The Federal Reserve expects banking organizations to calculate
their best estimates of scenario-adjusted Probability of Default
and Loss Given Default as of January 1, 2023. Data to be submitted
to the Federal Reserve must be prepared in good faith using
reasonable efforts to conform with the CSA instructions. Unlike the
stress testing conducted through the FR Y-14 information collection
process, the Federal Reserve will not require an organization’s
chief financial officer to attest to the information submitted for
the CSA.
Additionally, the CSA exercise requires participants to submit
responses to qualitative questions focused on four primary areas:
(1) governance and risk management, (2) measurement methodologies,
(3) results, and (4) lessons learned and future plans. The
governance and risk management section will discuss the
organization’s current practices with respect to managing
climate-related financial risks, such as how the organization uses
climate scenario analysis to inform its business decisions. The
measurement methodologies section seeks information about
approaches that the organization used in estimating results for
each scenario within the two modules. The results section requires
the participating organization to provide a narrative description
of the results under each scenario. Finally, the lessons learned
and future plans section covers issues including how the banking
organization expects to use climate scenario analysis to inform its
future business decisions and what other approaches or
considerations the organization may employ in any future similar
exercise.
Conclusion
The CSA will only affect six of the largest banking
organizations in the United States and, even then, should not have
regulatory or supervisory consequences. However, much as capital
stress testing was once limited to a small number of banks, we
expect that supervisory expectations for climate scenario analysis
will continue to expand. Therefore, other banking organizations may
consider reviewing the CSA instructions to understand how the
Federal Reserve is thinking about scenario design and analysis.
The CSA instructions indicate that the submissions will focus on
changes to risk metrics rather than estimates of losses. This
limited ambition may reflect the difficulty in quantifying the
long-term consequences of climate change over the relatively short
horizons used in scenario analysis. Additionally, it may help to
head off concerns that regulators are implicitly discouraging
banking organizations from making certain loans based on the size
of the losses estimated through scenario analysis.
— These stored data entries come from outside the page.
(* In the work extraction game described in the context, fix an initial state $\rho$ (energies $E_1,\dots,E_d$, occupation probabilities $\lambda_1,\dots,\lambda_d$), a final state $\sigma$ (energies $F_1,\dots,F_d$, occupation probabilities $\nu_1,\dots,\nu_d$), a number $\varepsilon\in[0,1)$ and a threshold $W\in\mathbb{R}$. Suppose a strategy $\mathcal S$ satisfies the following. It starts from the energies $E$ with the initial level distributed according to $\lambda$. It ends with the energies $F$. It succeeds, meaning that the total extracted work satisfies $W_{\rm tot}\ge W$, with probability at least $1-\varepsilon$. Conditioned on success, the final occupied level is distributed according to $\nu$. Then $$W\le W^\varepsilon(\rho\to\sigma)=kT\ln M\!\left(\tfrac{G^T(\rho)}{1-\varepsilon}\,\Big\|\,G^T(\sigma)\right).$$
   Context: Conventions. The constants $k>0$ (Boltzmann's constant) and $T>0$ (temperature) are fixed. A state is a finite-level system with energies $E_1,\dots,E_d\in\mathbb{R}\cup\{+\infty\}$, not all $+\infty$, together with a diagonal density matrix $\rho=\sum_i\lambda_i|e_i\rangle\langle e_i|$. Equivalently, it is a probability vector $(\lambda_i)$ over the levels, and we require $\lambda_i=0$ whenever $E_i=+\infty$. Gibbs rescaling. $G^T(\rho)$ is the function on $[0,\infty)$ built as follows. Each level $i$ with $E_i<\infty$ is represented by a block: an interval of length $e^{-E_i/kT}$ on which the function takes the constant value $\lambda_i e^{E_i/kT}$, so the block has area $\lambda_i$. The blocks are placed consecutively starting at $0$, in order of nonincreasing height. The function is $0$ beyond $Z=\sum_{i:E_i<\infty}e^{-E_i/kT}$. Thus $G^T(\rho)$ is a nonincreasing probability density supported in $[0,Z]$. Relative mixedness. For nonincreasing integrable functions $f,g\ge 0$ on $[0,\infty)$, $$M(f\|g):=\max\Big\{m>0:\ \int_0^l f(x)\,dx\ge\int_0^{lm}g(x)\,dx\ \text{for all } l\ge 0\Big\}.$$ For $\varepsilon\in[0,1)$ define $$W^\varepsilon(\rho\to\sigma):=kT\ln M\big(G^T(\rho)/(1-\varepsilon)\,\big\|\,G^T(\sigma)\big).$$ Work extraction game. - A working medium has levels $1,\dots,d$. At each time it has an energy assignment $E\in(\mathbb{R}\cup\{+\infty\})^d$ and occupies exactly one (random) level. - For an assignment $E$, the Gibbs vector is $\gamma_E(i)=e^{-E_i/kT}/\sum_j e^{-E_j/kT}$, which is $0$ for levels at $+\infty$. - A strategy is a finite sequence of elementary steps, fixed in advance and independent of the random outcomes. Each step is one of two kinds. - (i) Thermalisation. Choose a $d\times d$ column-stochastic matrix $B$ with $B\gamma_E=\gamma_E$ for the current energies $E$. If the current level is $j$, the new level is $i$ with probability $B_{ij}$. Energies are unchanged and no work is exchanged. - (ii) Energy change. Choose a set $S$ of levels and new values for the energies of the levels in $S$; the other energies are unchanged and the occupied level is unchanged. If the occupied level $i$ lies in $S$, the work reservoir receives extracted work $E_i^{\rm old}-E_i^{\rm new}$; otherwise it receives $0$. (The paper changes all levels in $S$ by a common amount; arbitrary changes are compositions of such steps.) - The total extracted work $W_{\rm tot}$ is the sum over steps. By convention, a realisation in which some step yields work $-\infty$ (an occupied level raised to $+\infty$) has $W_{\rm tot}=-\infty$. - A run is successful for threshold $W$ if $W_{\rm tot}\ge W$. *)

theory Defs
  imports "HOL-Analysis.Analysis" "HOL-Library.Extended_Real"
begin

(* Levels are 0..<d. Energies take values in ereal; the value -\<infinity> is
   excluded by explicit hypotheses, +\<infinity> is allowed.
   Throughout, kT denotes the product of Boltzmann's constant and the temperature. *)

definition bw :: "real \<Rightarrow> ereal \<Rightarrow> real" where
  "bw kT e = (if e = \<infinity> then 0 else exp (- real_of_ereal e / kT))"

definition gibbs_vec :: "real \<Rightarrow> nat \<Rightarrow> (nat \<Rightarrow> ereal) \<Rightarrow> nat \<Rightarrow> real" where
  "gibbs_vec kT d E i = bw kT (E i) / (\<Sum>j<d. bw kT (E j))"

definition is_state :: "nat \<Rightarrow> (nat \<Rightarrow> ereal) \<Rightarrow> (nat \<Rightarrow> real) \<Rightarrow> bool" where
  "is_state d E lam \<longleftrightarrow>
     (\<forall>i<d. E i \<noteq> -\<infinity>) \<and> (\<exists>i<d. E i \<noteq> \<infinity>) \<and>
     (\<forall>i<d. 0 \<le> lam i) \<and> (\<Sum>i<d. lam i) = 1 \<and>
     (\<forall>i<d. E i = \<infinity> \<longrightarrow> lam i = 0)"

definition blk_height :: "real \<Rightarrow> (nat \<Rightarrow> ereal) \<Rightarrow> (nat \<Rightarrow> real) \<Rightarrow> nat \<Rightarrow> real" where
  "blk_height kT E lam i = lam i * exp (real_of_ereal (E i) / kT)"

definition blk_order :: "real \<Rightarrow> nat \<Rightarrow> (nat \<Rightarrow> ereal) \<Rightarrow> (nat \<Rightarrow> real) \<Rightarrow> nat list" where
  "blk_order kT d E lam = (SOME xs. distinct xs \<and> set xs = {i. i < d \<and> E i \<noteq> \<infinity>} \<and>
        sorted_wrt (\<lambda>i j. blk_height kT E lam j \<le> blk_height kT E lam i) xs)"

definition blk_start :: "real \<Rightarrow> nat \<Rightarrow> (nat \<Rightarrow> ereal) \<Rightarrow> (nat \<Rightarrow> real) \<Rightarrow> nat \<Rightarrow> real" where
  "blk_start kT d E lam k = (\<Sum>m<k. bw kT (E (blk_order kT d E lam ! m)))"

definition gibbs_resc :: "real \<Rightarrow> nat \<Rightarrow> (nat \<Rightarrow> ereal) \<Rightarrow> (nat \<Rightarrow> real) \<Rightarrow> real \<Rightarrow> real" where
  "gibbs_resc kT d E lam x =
     (\<Sum>k<length (blk_order kT d E lam).
        if blk_start kT d E lam k \<le> x \<and> x < blk_start kT d E lam (Suc k)
        then blk_height kT E lam (blk_order kT d E lam ! k) else 0)"

definition relmix :: "(real \<Rightarrow> real) \<Rightarrow> (real \<Rightarrow> real) \<Rightarrow> real" where
  "relmix f g = (GREATEST m. m > 0 \<and>
      (\<forall>l\<ge>0. integral {0..l} f \<ge> integral {0..l * m} g))"

definition W_eps :: "real \<Rightarrow> nat \<Rightarrow> (nat \<Rightarrow> ereal) \<Rightarrow> (nat \<Rightarrow> real) \<Rightarrow>
                     (nat \<Rightarrow> ereal) \<Rightarrow> (nat \<Rightarrow> real) \<Rightarrow> real \<Rightarrow> real" where
  "W_eps kT d E lam F nu eps =
     kT * ln (relmix (\<lambda>x. gibbs_resc kT d E lam x / (1 - eps)) (gibbs_resc kT d F nu))"

(* Therm B: thermalisation with column-stochastic B (B i j = prob of j \<rightarrow> i);
   Change S F': energies of the levels in S are set to F' *)
datatype step = Therm "nat \<Rightarrow> nat \<Rightarrow> real" | Change "nat set" "nat \<Rightarrow> ereal"

fun apply_step :: "(nat \<Rightarrow> ereal) \<Rightarrow> step \<Rightarrow> (nat \<Rightarrow> ereal)" where
  "apply_step E (Therm B) = E"
| "apply_step E (Change S F') = (\<lambda>i. if i \<in> S then F' i else E i)"

definition energies_at :: "(nat \<Rightarrow> ereal) \<Rightarrow> step list \<Rightarrow> nat \<Rightarrow> (nat \<Rightarrow> ereal)" where
  "energies_at E ss k = foldl apply_step E (take k ss)"

definition final_energies :: "(nat \<Rightarrow> ereal) \<Rightarrow> step list \<Rightarrow> (nat \<Rightarrow> ereal)" where
  "final_energies E ss = foldl apply_step E ss"

fun valid_step :: "real \<Rightarrow> nat \<Rightarrow> (nat \<Rightarrow> ereal) \<Rightarrow> step \<Rightarrow> bool" where
  "valid_step kT d E (Therm B) \<longleftrightarrow>
     (\<forall>i<d. \<forall>j<d. 0 \<le> B i j) \<and> (\<forall>j<d. (\<Sum>i<d. B i j) = 1) \<and>
     (\<forall>i<d. (\<Sum>j<d. B i j * gibbs_vec kT d E j) = gibbs_vec kT d E i)"
| "valid_step kT d E (Change S F') \<longleftrightarrow> S \<subseteq> {..<d} \<and> (\<forall>i\<in>S. F' i \<noteq> -\<infinity>)"

definition valid_strategy :: "real \<Rightarrow> nat \<Rightarrow> (nat \<Rightarrow> ereal) \<Rightarrow> step list \<Rightarrow> bool" where
  "valid_strategy kT d E ss \<longleftrightarrow>
     (\<forall>k<length ss. valid_step kT d (energies_at E ss k) (ss ! k))"

fun trans_prob :: "step \<Rightarrow> nat \<Rightarrow> nat \<Rightarrow> real" where
  "trans_prob (Therm B) i j = B j i"
| "trans_prob (Change S F') i j = (if j = i then 1 else 0)"

fun step_work :: "(nat \<Rightarrow> ereal) \<Rightarrow> step \<Rightarrow> nat \<Rightarrow> ereal" where
  "step_work Eold (Therm B) i = 0"
| "step_work Eold (Change S F') i = (if i \<in> S then Eold i - F' i else 0)"

(* a realisation: the occupied levels at times 0, 1, ..., n *)
definition paths :: "nat \<Rightarrow> nat \<Rightarrow> nat list set" where
  "paths d n = {xs. length xs = Suc n \<and> set xs \<subseteq> {..<d}}"

definition path_prob :: "(nat \<Rightarrow> real) \<Rightarrow> step list \<Rightarrow> nat list \<Rightarrow> real" where
  "path_prob lam ss xs = lam (xs ! 0) * (\<Prod>k<length ss. trans_prob (ss ! k) (xs ! k) (xs ! Suc k))"

definition path_work :: "(nat \<Rightarrow> ereal) \<Rightarrow> step list \<Rightarrow> nat list \<Rightarrow> ereal" where
  "path_work E ss xs =
     (if \<exists>k<length ss. step_work (energies_at E ss k) (ss ! k) (xs ! k) = -\<infinity> then -\<infinity>
      else (\<Sum>k<length ss. step_work (energies_at E ss k) (ss ! k) (xs ! k)))"

definition event_prob :: "nat \<Rightarrow> (nat \<Rightarrow> real) \<Rightarrow> step list \<Rightarrow> (nat list \<Rightarrow> bool) \<Rightarrow> real" where
  "event_prob d lam ss P = (\<Sum>xs\<in>{xs \<in> paths d (length ss). P xs}. path_prob lam ss xs)"

end

theory Submission
  imports Defs
begin

(* The argument has three layers.
   (1) A backward recursion over the strategy computes, for every starting level x, the
       expected value of a payoff f(final level) restricted to realisations whose work
       passes a threshold (reward).  A single induction over the steps proves a
       Boltzmann-weighted second law (work_bound): thermalisations preserve the Gibbs
       weights, energy changes move the extracted work into the weights, so
         sum_x e^(-E_x/kT) e^(a_x/kT) reward_x(work \<ge> a_x) \<le> sum_i e^(-F_i/kT) f_i.
   (2) The integral of the Gibbs rescaling G(rho) over [0,x] is the optimum of a
       fractional knapsack problem: the maximum of sum_i t_i lam_i over 0 \<le> t \<le> 1 with
       budget sum_i t_i e^(-E_i/kT) \<le> x (greedy_filling_optimal, resc_integral_ge,
       resc_integral_attained).
   (3) Combining both with a payoff realising the optimum for sigma shows that
       m0 = e^(W/kT) is an admissible mixedness ratio (success_integral_bound); admissible
       ratios are bounded and form a closed set (mix_admissible_bounded, relmix_ge), so
       m0 \<le> M, which is the theorem after taking kT ln. *)

section \<open>The game: strategies, realisations and the reward recursion\<close>

definition add_work :: "ereal \<Rightarrow> ereal \<Rightarrow> ereal" where
  "add_work w r = (if w = -\<infinity> \<or> r = -\<infinity> then -\<infinity> else w + r)"

text \<open>\<open>reward d E ss Q f x\<close>: starting in level \<open>x\<close> with energies \<open>E\<close>, the expected value of
  \<open>f\<close>(final level) over the realisations of \<open>ss\<close> whose total work satisfies \<open>Q\<close>.\<close>
fun reward :: "nat \<Rightarrow> (nat \<Rightarrow> ereal) \<Rightarrow> step list \<Rightarrow> (ereal \<Rightarrow> bool) \<Rightarrow> (nat \<Rightarrow> real) \<Rightarrow> nat \<Rightarrow> real"
where
  "reward d E [] Q f x = (if Q 0 then f x else 0)"
| "reward d E (s # ss) Q f x =
     (\<Sum>y<d. trans_prob s x y * reward d (apply_step E s) ss (\<lambda>r. Q (add_work (step_work E s x) r)) f y)"

lemma energies_at_Cons:
  "energies_at E (s # ss) 0 = E"
  "energies_at E (s # ss) (Suc k) = energies_at (apply_step E s) ss k"
  by (simp_all add: energies_at_def)

lemma final_energies_Cons: "final_energies E (s # ss) = final_energies (apply_step E s) ss"
  by (simp add: final_energies_def)

lemma valid_strategy_Cons:
  "valid_strategy kT d E (s # ss) \<longleftrightarrow> valid_step kT d E s \<and> valid_strategy kT d (apply_step E s) ss"
  unfolding valid_strategy_def by (auto simp: All_less_Suc2 energies_at_Cons)

lemma path_prob_Cons: "path_prob w (s # ss) (x # xs) = w x * path_prob (trans_prob s x) ss xs"
  unfolding path_prob_def length_Cons prod.lessThan_Suc_shift by simp

lemma ereal_sum_not_minf:
  fixes g :: "nat \<Rightarrow> ereal"
  shows "\<forall>k<n. g k \<noteq> -\<infinity> \<Longrightarrow> (\<Sum>k<n. g k) \<noteq> -\<infinity>"
  by (induction n) (auto simp: ereal_plus_eq_MInfty)

lemma path_work_Cons:
  "path_work E (s # ss) (x # xs) = add_work (step_work E s x) (path_work (apply_step E s) ss xs)"
proof -
  define g where "g k = step_work (energies_at E (s # ss) k) ((s # ss) ! k) ((x # xs) ! k)" for k
  define g' where "g' k = step_work (energies_at (apply_step E s) ss k) (ss ! k) (xs ! k)" for k
  have g0: "g 0 = step_work E s x" and gS: "g (Suc k) = g' k" for k
    by (simp_all add: g_def g'_def energies_at_Cons)
  have ex: "(\<exists>k<Suc (length ss). g k = -\<infinity>) \<longleftrightarrow> g 0 = -\<infinity> \<or> (\<exists>k<length ss. g' k = -\<infinity>)"
    by (auto simp: Ex_less_Suc2 gS)
  have sum: "(\<Sum>k<Suc (length ss). g k) = g 0 + (\<Sum>k<length ss. g' k)"
    unfolding sum.lessThan_Suc_shift gS by simp
  show ?thesis
    using ereal_sum_not_minf[of "length ss" g']
    unfolding path_work_def g_def[symmetric] g'_def[symmetric] length_Cons ex sum g0 add_work_def
    by auto
qed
Given the
politically charged nature of environmental, social and governance
(“ESG”) issues, including Chairman Powell’s recent
declaration that the Federal Reserve “will not be a climate
policymaker,” it is not surprising that the CSA is carefully
drafted to address limited aspects of climate-related financial
risk management.4
Footnotes
1. Press Release, Federal Reserve Board provides
additional details on how its pilot climate scenario analysis
exercise will be conducted and the information on risk management
practices that will be gathered over the course of the exercise
(Jan. 17, 2023), https://www.federalreserve.gov/publications/climate-scenario-analysis-exercise-instructions.htm.
2. See our Legal Update on the OCC exercise: https://www.mayerbrown.com/en/perspectives-events/publications/2022/01/us-occ-extends-climate-risk-survey.
3 See our Legal Update on NGFS scenario: https://www.mayerbrown.com/en/perspectives-events/publications/2021/06/network-for-greening-the-financial-system-issues-second-iteration-of-climate-scenarios.
4. Victoria Guida, Powell vows that Fed “will not be
a climate policymaker,” Politico (Jan. 10, 2023).